Find all the lines in the entries below that hold the word "supremum" and copy them.

====== Supplied records ======

(* Assume (A5). Let $0<d<d'<1$, $b_n=\exp(-n^d)$, $c_n=\exp(-n^{d'})$, and let $x_1,x_2,\dots$ be i.i.d. with density $f(\cdot;\theta_0)$ for some $\theta_0\in\Theta$. Then almost surely $$\lim_{n\to\infty}\ \sup_{\theta\in\Theta_{b_n}\cap\Theta_{c_n}^C}\frac1n\sum_{i=1}^n\log f(x_i;\theta)=-\infty.$$
   Context: The model is $f(x;\theta)=\sum_{m=1}^M\alpha_m f_m(x;\mu_m,\sigma_m)$ with $f_m(x;\mu_m,\sigma_m)=\frac1{\sigma_m}f_m(\frac{x-\mu_m}{\sigma_m};0,1)$ location-scale densities on $\mathbb{R}$; $\Theta$ is the set of all $\theta=(\alpha_1,\mu_1,\sigma_1,\dots,\alpha_M,\mu_M,\sigma_M)$ with $\alpha_m\ge0$, $\sum_m\alpha_m=1$, $\mu_m\in\mathbb{R}$, $\sigma_m>0$. (A5): constants $v_0,v_1>0$, $\beta>2$ with $f_m(x;0,1)\le\min\{v_0,v_1|x|^{-\beta}\}$ for all $x,m$. $\Theta_{b_n}=\{\theta\in\Theta:\min_{1\le m\ne m'\le M}\sigma_m/\sigma_{m'}\ge b_n\}$, $\Theta_{c_n}=\{\theta\in\Theta:\min_{1\le m\le M}\sigma_m\ge c_n\}$, $\Theta_{c_n}^C=\Theta\setminus\Theta_{c_n}$. *)

theory Defs
  imports "HOL-Probability.Probability"
begin

text \<open>Components are indexed by m < M (i.e. 0..M-1). A parameter theta is a triple
 (alpha, mu, sigma) of functions on indices; only the values at m < M matter.\<close>

definition mixdens :: "nat \<Rightarrow> (nat \<Rightarrow> real \<Rightarrow> real) \<Rightarrow>
    (nat \<Rightarrow> real) \<times> (nat \<Rightarrow> real) \<times> (nat \<Rightarrow> real) \<Rightarrow> real \<Rightarrow> real" where
  "mixdens M g \<theta> x = (case \<theta> of (\<alpha>, \<mu>, \<sigma>) \<Rightarrow>
      (\<Sum>m<M. \<alpha> m * ((1 / \<sigma> m) * g m ((x - \<mu> m) / \<sigma> m))))"
lemma divisible_of_layer:
  fixes y :: 'm
  assumes "i < k" "nsmul (p ^ i) y \<in> pM p (Suc i)"
  shows "\<exists>w. y = nsmul p w"
proof -
  obtain z where "nsmul (p ^ i) y = nsmul (p ^ Suc i) z"
    using assms(2) unfolding mem_pM_iff by blast
  then have "nsmul (p ^ i) (y - nsmul p z) = 0"
    by (simp add: nsmul_diff mult.commute flip: nsmul_mult)
  moreover have "p ^ (k - 1) = p ^ (k - 1 - i) * p ^ i"
    using assms(1) by (simp flip: power_add)
  ultimately have "nsmul (p ^ (k - 1)) (y - nsmul p z) = 0"
    by (simp add: nsmul_mult)
  then obtain w where "y - nsmul p z = nsmul p w"
    using top_kernel_divisible by blast
  then have "y = nsmul p (w + z)"
    by (simp add: nsmul_add_right algebra_simps)
  then show ?thesis ..
qed

lemma layer_shift:
  fixes y :: 'm
  assumes "i < k" "nsmul (p ^ i) y \<in> pM p (Suc i)"
  shows "nsmul (p ^ j) y \<in> pM p (Suc j)"
proof -
  obtain w where "y = nsmul p w"
    using divisible_of_layer[OF assms] by blast
  then have "nsmul (p ^ j) y = nsmul (p ^ Suc j) w"
    by (simp add: mult.commute flip: nsmul_mult)
  then show ?thesis
    unfolding mem_pM_iff by blast
qed
text \<open>Diameter of the image f(D) as in the paper: the supremum of |f z - f w| over z, w in the disk.
  The condition "Diam f(D) \<le> 2" is the statement that this supremum (in the extended reals) is at most 2,
  i.e. every |f z - f w| is at most 2.\<close>
definition Diam_le :: "(complex \<Rightarrow> complex) \<Rightarrow> complex set \<Rightarrow> real \<Rightarrow> bool" where
  "Diam_le f S r \<longleftrightarrow> (\<forall>z\<in>S. \<forall>w\<in>S. cmod (f z - f w) \<le> r)"

end

theory Submission
  imports Defs
begin

(* Fix z <> 0 and let sigma be the involutive automorphism of the disk exchanging 0 and z.
   Then g = (f - f o sigma) / 2 maps the disk into the closed unit disk and g o sigma = -g,
   so g z = - g 0 and |f z - f 0| = 2 s with s = |g 0|.  By Schwarz-Pick the pseudo-hyperbolic
   distance 2 s / (1 + s^2) between g 0 and - g 0 is at most |z|; solving this quadratic
   inequality for s gives the bound.
   In the equality case g is an automorphism of the disk, and F = f o g^-1 still has diameter
   at most 2 while F a - F (-a) = 2 a.  The second-order Schwarz lemma, applied to
   (F u - F (-l u)) / 2 for |l| = 1, shows that F u - u changes only by O(t^2) when u is
   rotated by the angle t, so F u - u is constant and f = g + const is a Moebius map. *)

lemma smaller_root_factorization:
  fixes r s :: real
  assumes "0 < r" "r \<le> 1"
  shows "r * (1 + s\<^sup>2) - 2 * s
    = r * (s - r / (1 + sqrt (1 - r\<^sup>2))) * (s - (1 + sqrt (1 - r\<^sup>2)) / r)"
proof -
  define c where "c = sqrt (1 - r\<^sup>2)"
  have c: "0 \<le> c" "c\<^sup>2 = 1 - r\<^sup>2"
    using assms by (auto simp: c_def abs_square_le_1)
  have sum: "r / (1 + c) + (1 + c) / r = 2 / r"
    using assms c by (simp add: field_simps power2_eq_square)
  have prod: "r / (1 + c) * ((1 + c) / r) = 1"
    using assms c by simp
  have expand: "r * (s - x) * (s - y) = r * s\<^sup>2 - r * (x + y) * s + r * (x * y)" for x y
    by (simp add: algebra_simps power2_eq_square)
  have "r * (s - r / (1 + c)) * (s - (1 + c) / r) = r * (1 + s\<^sup>2) - 2 * s"
    unfolding expand sum prod using assms by (simp add: algebra_simps)
  then show ?thesis
    unfolding c_def by simp
qed

lemma le_smaller_root_iff:
  fixes r s :: real
  assumes "s \<le> 1" "0 < r" "r < 1"
  shows "2 * s \<le> r * (1 + s\<^sup>2) \<longleftrightarrow> s \<le> r / (1 + sqrt (1 - r\<^sup>2))"
    and "2 * s = r * (1 + s\<^sup>2) \<longleftrightarrow> s = r / (1 + sqrt (1 - r\<^sup>2))"
proof -
  define \<rho> where "\<rho> = r / (1 + sqrt (1 - r\<^sup>2))"
  define B where "B = r * (s - (1 + sqrt (1 - r\<^sup>2)) / r)"
  have "0 \<le> sqrt (1 - r\<^sup>2)"
    using assms by (simp add: power_le_one)
  moreover have "r * s \<le> r"
    using assms by (simp add: mult_left_le)
  moreover have "B = r * s - (1 + sqrt (1 - r\<^sup>2))"
    using assms by (simp add: B_def right_diff_distrib)
  ultimately have B: "B < 0"
    using assms by linarith
  have "r * (1 + s\<^sup>2) - 2 * s = (s - \<rho>) * B"
    using smaller_root_factorization[OF assms(2) less_imp_le[OF assms(3)], of s]
    unfolding \<rho>_def B_def by (simp only: mult_ac)
  moreover have "0 \<le> (s - \<rho>) * B \<longleftrightarrow> s \<le> \<rho>" and "(s - \<rho>) * B = 0 \<longleftrightarrow> s = \<rho>"
    using B by (auto simp: zero_le_mult_iff)
  ultimately show "2 * s \<le> r * (1 + s\<^sup>2) \<longleftrightarrow> s \<le> \<rho>" and "2 * s = r * (1 + s\<^sup>2) \<longleftrightarrow> s = \<rho>"
    by linarith+
qed

lemma one_minus_cos_le_half_square: "1 - cos (t::real) \<le> t\<^sup>2 / 2"
proof -
  have "\<bar>sin (t/2)\<bar>\<^sup>2 \<le> \<bar>t/2\<bar>\<^sup>2"
    by (rule power_mono) (use abs_sin_x_le_abs_x[of "t/2"] in auto)
  then show ?thesis
    using cos_double_sin[of "t/2"] by (simp add: power_divide)
qed

lemma norm_unimodular_midpoint:
  assumes "cmod l = 1"
  shows "(cmod ((1 + l) / 2))\<^sup>2 = (1 + Re l) / 2"
    and "l \<noteq> 1 \<Longrightarrow> cmod ((1 + l) / 2) < 1"
proof -
  have Re_Im: "(Re l)\<^sup>2 + (Im l)\<^sup>2 = 1"
    using assms cmod_power2[of l] by simp
  have "(cmod (1 + l))\<^sup>2 = (1 + Re l)\<^sup>2 + (Im l)\<^sup>2"
    by (simp add: cmod_power2)
  with Re_Im show sq: "(cmod ((1 + l) / 2))\<^sup>2 = (1 + Re l) / 2"
    by (simp add: norm_divide power_divide power2_eq_square algebra_simps)
  assume "l \<noteq> 1"
  with Re_Im have "Re l \<noteq> 1"
    using complex_eqI[of l 1] by auto
  with assms have "Re l < 1"
    using complex_Re_le_cmod[of l] by simp
  with sq have "(cmod ((1 + l) / 2))\<^sup>2 < 1"
    by simp
  then show "cmod ((1 + l) / 2) < 1"
    by (simp add: abs_square_less_1)
qed

lemma Moebius_function_uminus: "Moebius_function 0 w (- z) = - Moebius_function 0 (- w) z"
  by (simp add: Moebius_function_def minus_divide_left add.commute)

lemma Moebius_function_rotation:
  assumes "cmod \<alpha> = 1"
  shows "Moebius_function 0 (- w) (\<alpha> * z) = \<alpha> * Moebius_function 0 (- cnj \<alpha> * w) z"
proof -
  have "\<alpha> * cnj \<alpha> = 1"
    using assms complex_norm_square[of \<alpha>] by simp
  then have "\<alpha> * z + w = \<alpha> * (z + cnj \<alpha> * w)" and "cnj w * (\<alpha> * z) = \<alpha> * cnj w * z"
    by (simp_all add: algebra_simps)
  then show ?thesis
    by (simp add: Moebius_function_def)
qed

======

» Final answer:
text \<open>Diameter of the image f(D) as in the paper: the supremum of |f z - f w| over z, w in the disk.
  The condition "Diam f(D) \<le> 2" is the statement that this supremum (in the extended reals) is at most 2,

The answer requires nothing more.